> **Collection entries**

↓

theorem eigenvalue_gt_of_test_vectors:
  assumes "0 \<le> c" and t: "supported t" "qform (c\<^sup>2) t \<le> 0"
    and h: "supported h" "qform_polar (c\<^sup>2) t h \<noteq> 0"
  shows "\<exists>l>c. eigenvalue (mat s s (\<lambda>(i, j). M i j * \<sigma> j)) l"
proof -
  have "mass t \<noteq> 0"
  proof
    assume "mass t = 0"
    then have "\<And>j. t j = 0" using mass_eq_0_imp_zero t(1) by blast
    then show False using h(2) unfolding qform_polar_def matvec_def by simp
  qed
  then have mass_t: "mass t > 0" using mass_nonneg[of t] by linarith
  obtain z \<mu> where z: "supported z" "mass z = 1" "energy z + \<mu> = 0"
    and nonneg: "\<And>t. supported t \<Longrightarrow> 0 \<le> qform \<mu> t"
    using qform_minimizer_exists[OF t(1) mass_t] by blast
  have qform_t: "qform \<mu> t = qform (c\<^sup>2) t + (\<mu> - c\<^sup>2) * mass t"
    unfolding qform_def by (simp add: algebra_simps)
  then have "0 \<le> (\<mu> - c\<^sup>2) * mass t" using nonneg[OF t(1)] t(2) by linarith
  then have "c\<^sup>2 \<le> \<mu>" using mass_t by (simp add: zero_le_mult_iff)
  moreover have "\<mu> \<noteq> c\<^sup>2"
  proof
    assume "\<mu> = c\<^sup>2"
    then have "qform \<mu> t = 0" using nonneg[OF t(1)] t(2) by simp
    then have "qform_polar \<mu> t h = 0" using qform_polar_eq_0_at_zero[OF nonneg t(1) _ h(1)] by simp
    then show False using h(2) \<open>\<mu> = c\<^sup>2\<close> by simp
  qed
  ultimately have "c\<^sup>2 < \<mu>" by simp
  then have "c < sqrt \<mu>" using \<open>0 \<le> c\<close> real_less_rsqrt by blast
  moreover have "0 < \<mu>" using \<open>c\<^sup>2 < \<mu>\<close> by (rule le_less_trans[OF zero_le_power2])
  ultimately show ?thesis using eigenvalue_sqrt_of_minimizer[OF z(1,3,2) nonneg] by blast
qed
(* For every integer $n\geqslant 1$, let $G_n$ be the complete directed graph on $n$ vertices (vertex set $[n]$, with a directed edge $\overrightarrow{xy}$ for every ordered pair $x\neq y$). Then for all $k=0,1,\ldots,n-1$, $$h_k(\Delta(G_n))={n-1\choose k}(n-1)^k .$$
   Context: For a finite directed graph $D$ (no loops, no multiple edges), the complex of directed trees $\Delta(D)$ is the simplicial complex whose vertices are the directed edges of $D$ and whose faces are the sets of directed edges of $D$ forming a directed forest, i.e. a vertex-disjoint union of rooted directed trees (a rooted directed tree with root $r$ is an acyclic digraph in which every vertex is reached from $r$ by a unique directed path); equivalently, a set of edges in which every vertex has in-degree at most $1$ and there is no directed cycle. For a $d$-dimensional simplicial complex $\Delta$ with $f_i$ faces of dimension $i$ ($f_{-1}=1$), the $h$-vector $(h_0,\ldots,h_{d+1})$ is defined by $h_k=\sum_{i=0}^{k}(-1)^{k-i}{d+1-i\choose d+1-k}f_{i-1}$. The complex $\Delta(G_n)$ has dimension $n-2$. *)

theory Defs
  imports Main
begin

text \<open>A finite digraph is represented by its set of directed edges; an edge (x,y) goes from x to y.\<close>

definition complete_digraph :: "nat \<Rightarrow> (nat \<times> nat) set" where
  "complete_digraph n = {(x, y). x \<in> {1..n} \<and> y \<in> {1..n} \<and> x \<noteq> y}"

definition is_directed_forest :: "('a \<times> 'a) set \<Rightarrow> bool" where
  "is_directed_forest F \<longleftrightarrow> (\<forall>y. card {x. (x, y) \<in> F} \<le> 1 \<and> finite {x. (x, y) \<in> F}) \<and> acyclic F"

definition complex_of_directed_trees :: "('a \<times> 'a) set \<Rightarrow> ('a \<times> 'a) set set" where
  "complex_of_directed_trees D = {F. F \<subseteq> D \<and> is_directed_forest F}"

text \<open>f_{i-1}: number of faces with i vertices (i.e. of dimension i-1).\<close>
definition face_count :: "'v set set \<Rightarrow> nat \<Rightarrow> nat" where
  "face_count K i = card {F \<in> K. card F = i}"

definition dim_plus_one :: "'v set set \<Rightarrow> nat" where
  "dim_plus_one K = Max (card ` K)"

definition h_vector :: "'v set set \<Rightarrow> nat \<Rightarrow> int" where
  "h_vector K k = (\<Sum>i = 0..k. (-1) ^ (k - i) * int ((dim_plus_one K - i) choose (dim_plus_one K - k))
                      * int (face_count K i))"

end

theory Submission
  imports Defs
begin

text \<open>A directed forest on \<open>n\<close> vertices with \<open>i\<close> edges has \<open>n - i\<close> roots, and adding an edge
  \<open>x \<rightarrow> y\<close> keeps it a forest exactly when \<open>y\<close> is a root and \<open>x\<close> is not in the tree of \<open>y\<close>. As the
  trees partition the vertices, there are \<open>n (n - i) - n = n (n - 1 - i)\<close> such edges. Counting
  pairs (forest, one of its edges) in two ways, the number \<open>f(i)\<close> of forests with \<open>i\<close> edges satisfies
  \<open>(i + 1) f(i + 1) = n (n - 1 - i) f(i)\<close>, so \<open>f(i) = C(n - 1, i) n\<^sup>i\<close>. Substituting into the
  definition of the h-vector, the binomial theorem gives \<open>h\<^sub>k = C(n - 1, k) (n - 1)\<^sup>k\<close>.\<close>

lemma card_le_one_finite_iff: "card S \<le> 1 \<and> finite S \<longleftrightarrow> (\<forall>x\<in>S. \<forall>y\<in>S. x = y)"
proof
  assume "card S \<le> 1 \<and> finite S"
  then show "\<forall>x\<in>S. \<forall>y\<in>S. x = y"
    using card_le_Suc0_iff_eq by (metis One_nat_def)
next
  assume "\<forall>x\<in>S. \<forall>y\<in>S. x = y"
  then have "S = {} \<or> (\<exists>x. S = {x})" by blast
  then show "card S \<le> 1 \<and> finite S" by auto
qed

lemma is_directed_forest_iff: "is_directed_forest F \<longleftrightarrow> inj_on snd F \<and> acyclic F"
proof -
  have "inj_on snd F \<longleftrightarrow> (\<forall>y. \<forall>x\<in>{x. (x, y) \<in> F}. \<forall>x'\<in>{x. (x, y) \<in> F}. x = x')"
    by (force simp: inj_on_def)
  then show ?thesis
    unfolding is_directed_forest_def card_le_one_finite_iff by blast
qed

lemma is_directed_forest_subset:
  "is_directed_forest F \<Longrightarrow> G \<subseteq> F \<Longrightarrow> is_directed_forest G"
  by (auto simp: is_directed_forest_iff intro: inj_on_subset acyclic_subset)

lemma is_directed_forest_empty: "is_directed_forest {}"
  by (simp add: is_directed_forest_iff acyclic_def)

lemma is_directed_forest_insert:
  assumes "is_directed_forest F" "(x, y) \<notin> F"
  shows "is_directed_forest (insert (x, y) F) \<longleftrightarrow> y \<notin> snd ` F \<and> (y, x) \<notin> F\<^sup>*"
  using assms by (auto simp: is_directed_forest_iff acyclic_insert)

lemma wf_directed_forest: "is_directed_forest F \<Longrightarrow> finite F \<Longrightarrow> wf F"
  by (simp add: is_directed_forest_iff finite_acyclic_wf)

lemma directed_forest_root_exists:
  assumes "is_directed_forest F" "F \<subseteq> V \<times> V" "finite V" "v \<in> V"
  shows "\<exists>r \<in> V - snd ` F. (r, v) \<in> F\<^sup>*"
proof -
  have "wf F"
    using assms(1-3) wf_directed_forest finite_subset by blast
  then show ?thesis
    using assms(4)
  proof (induction v rule: wf_induct_rule)
    case (less v)
    show ?case
    proof (cases "v \<in> snd ` F")
      case True
      then obtain p where p: "(p, v) \<in> F" by force
      with assms(2) less.IH obtain r where "r \<in> V - snd ` F" "(r, p) \<in> F\<^sup>*" by blast
      with p show ?thesis by (meson rtrancl_into_rtrancl)
    qed (use less.prems in blast)
  qed
qed

lemma directed_forest_root_unique:
  assumes "is_directed_forest F" "finite F"
  shows "(r, v) \<in> F\<^sup>* \<Longrightarrow> (r', v) \<in> F\<^sup>* \<Longrightarrow> r \<notin> snd ` F \<Longrightarrow> r' \<notin> snd ` F \<Longrightarrow> r = r'"
proof (induction v arbitrary: r r' rule: wf_induct_rule[OF wf_directed_forest[OF assms]])
  case (1 v)
  from "1.prems"(1) show ?case
  proof (cases rule: rtranclE)
    case base
    with "1.prems"(2,3) show ?thesis by (cases rule: rtranclE) force+
  next
    case (step y)
    note y = this
    from "1.prems"(2) show ?thesis
    proof (cases rule: rtranclE)
      case base
      with y "1.prems"(4) show ?thesis by force
    next
      case (step y')
      have inj: "inj_on snd F"
        using assms(1) by (simp add: is_directed_forest_iff)
      have "(y, v) = (y', v)"
        by (rule inj_onD[OF inj _ y(2) step(2)]) simp
      then have "y = y'" by simp
      with y step "1" show ?thesis by blast
    qed
  qed
qed

lemma card_directed_forest_roots:
  assumes "is_directed_forest F" "F \<subseteq> V \<times> V" "finite V"
  shows "card (V - snd ` F) = card V - card F"
proof -
  have "card (snd ` F) = card F"
    using assms(1) by (simp add: card_image is_directed_forest_iff)
  moreover have "snd ` F \<subseteq> V" using assms(2) by auto
  ultimately show ?thesis
    by (metis assms(3) card_Diff_subset finite_subset)
qed

lemma sum_card_directed_forest_trees:
  assumes "is_directed_forest F" "F \<subseteq> V \<times> V" "finite V"
  shows "(\<Sum>r \<in> V - snd ` F. card {v \<in> V. (r, v) \<in> F\<^sup>*}) = card V"
proof -
  have "finite F" using assms(2,3) finite_subset by blast
  have "(\<Union>r \<in> V - snd ` F. {v \<in> V. (r, v) \<in> F\<^sup>*}) = V"
    using directed_forest_root_exists[OF assms] by blast
  moreover have "card (\<Union>r \<in> V - snd ` F. {v \<in> V. (r, v) \<in> F\<^sup>*})
      = (\<Sum>r \<in> V - snd ` F. card {v \<in> V. (r, v) \<in> F\<^sup>*})"
    using directed_forest_root_unique[OF assms(1) \<open>finite F\<close>] assms(3)
    by (intro card_UN_disjoint) auto
  ultimately show ?thesis by simp
qed

lemma complete_digraph_subset: "complete_digraph n \<subseteq> {1..n} \<times> {1..n}"
  unfolding complete_digraph_def by auto

lemma finite_complete_digraph: "finite (complete_digraph n)"
  using complete_digraph_subset finite_subset by blast

lemma card_directed_forest_extensions:
  assumes F: "F \<subseteq> complete_digraph n" "is_directed_forest F"
  shows "card {e \<in> complete_digraph n. e \<notin> F \<and> is_directed_forest (insert e F)}
           = n * (n - 1 - card F)"
proof -
  define V where "V = {1..n :: nat}"
  define R where "R = V - snd ` F"
  define T where "T r = {v \<in> V. (r, v) \<in> F\<^sup>*}" for r
  have FV: "F \<subseteq> V \<times> V" using F(1) complete_digraph_subset unfolding V_def by blast
  have "{e \<in> complete_digraph n. e \<notin> F \<and> is_directed_forest (insert e F)}
        = prod.swap ` (R \<times> V - Sigma R T)"
  proof (intro set_eqI iffI)
    fix e assume e: "e \<in> {e \<in> complete_digraph n. e \<notin> F \<and> is_directed_forest (insert e F)}"
    obtain x y where [simp]: "e = (x, y)" by fastforce
    from e have "(x, y) \<notin> F" "is_directed_forest (insert (x, y) F)" by simp_all
    with F(2) have "y \<notin> snd ` F" "(y, x) \<notin> F\<^sup>*"
      by (simp_all add: is_directed_forest_insert)
    with e have "(y, x) \<in> R \<times> V - Sigma R T"
      unfolding R_def T_def V_def complete_digraph_def by auto
    then show "e \<in> prod.swap ` (R \<times> V - Sigma R T)"
      by (auto intro!: image_eqI[where x = "(y, x)"])
  next
    fix e assume "e \<in> prod.swap ` (R \<times> V - Sigma R T)"
    then obtain p where p: "p \<in> R \<times> V - Sigma R T" "e = prod.swap p"
      by blast
    obtain y x where [simp]: "p = (y, x)" by fastforce
    have [simp]: "e = (x, y)" using p(2) by simp
    from p(1) have "y \<in> V" "y \<notin> snd ` F" "x \<in> V" "(y, x) \<notin> F\<^sup>*"
      unfolding R_def T_def by auto
    moreover from this have "(x, y) \<notin> F" by force
    ultimately show "e \<in> {e \<in> complete_digraph n. e \<notin> F \<and> is_directed_forest (insert e F)}"
      using F(2) by (auto simp: complete_digraph_def V_def is_directed_forest_insert)
  qed
  moreover have "card (Sigma R T) = n"
    using sum_card_directed_forest_trees[OF F(2) FV] by (simp add: R_def T_def V_def)
  moreover have "Sigma R T \<subseteq> R \<times> V" "finite (Sigma R T)"
    unfolding R_def T_def V_def by auto
  ultimately have "card {e \<in> complete_digraph n. e \<notin> F \<and> is_directed_forest (insert e F)}
                     = card R * n - n"
    by (simp add: card_image card_Diff_subset card_cartesian_product V_def)
  also have "\<dots> = n * (card R - 1)"
    by (simp add: diff_mult_distrib2 mult.commute)
  also have "card R = n - card F"
    using card_directed_forest_roots[OF F(2) FV] by (simp add: R_def V_def)
  finally show ?thesis by simp
qed

lemma face_count_Suc_double_count:
  assumes "finite K" "\<And>F. F \<in> K \<Longrightarrow> finite F" "\<And>F e. F \<in> K \<Longrightarrow> F - {e} \<in> K"
  shows "Suc i * face_count K (Suc i)
           = (\<Sum>F \<in> {F \<in> K. card F = i}. card {e. e \<notin> F \<and> insert e F \<in> K})"
proof -
  define ext where "ext F = {e. e \<notin> F \<and> insert e F \<in> K}" for F
  have finite_ext: "finite (ext F)" for F
    by (rule finite_subset[of _ "\<Union>K"]) (auto simp: ext_def assms(1,2))
  have "bij_betw (\<lambda>(F, e). (F - {e}, e))
          (SIGMA F:{F \<in> K. card F = Suc i}. F) (SIGMA F:{F \<in> K. card F = i}. ext F)"
  proof (rule bij_betw_byWitness[where f' = "\<lambda>(F, e). (insert e F, e)"])
    show "(\<lambda>(F, e). (F - {e}, e)) ` (SIGMA F:{F \<in> K. card F = Suc i}. F)
            \<subseteq> (SIGMA F:{F \<in> K. card F = i}. ext F)"
      using assms(2,3) by (auto simp: ext_def insert_absorb)
    show "(\<lambda>(F, e). (insert e F, e)) ` (SIGMA F:{F \<in> K. card F = i}. ext F)
            \<subseteq> (SIGMA F:{F \<in> K. card F = Suc i}. F)"
      using assms(2) by (auto simp: ext_def)
  qed (auto simp: ext_def insert_absorb)
  then have "card (SIGMA F:{F \<in> K. card F = Suc i}. F)
               = card (SIGMA F:{F \<in> K. card F = i}. ext F)"
    by (rule bij_betw_same_card)
  then show ?thesis
    using assms(1,2) finite_ext
    by (simp add: card_SigmaI face_count_def ext_def mult.commute)
qed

↑

> **Work required**
Start with the line above that contains "imports Defs" and end with the line that contains "trees partition the". Write out those lines exactly, and only those.

> **Response to the task**
  imports Defs
begin

text \<open>A directed forest on \<open>n\<close> vertices with \<open>i\<close> edges has \<open>n - i\<close> roots, and adding an edge
  \<open>x \<rightarrow> y\<close> keeps it a forest exactly when \<open>y\<close> is a root and \<open>x\<close> is not in the tree of \<open>y\<close>. As the
  trees partition the vertices, there are \<open>n (n - i) - n = n (n - 1 - i)\<close> such edges. Counting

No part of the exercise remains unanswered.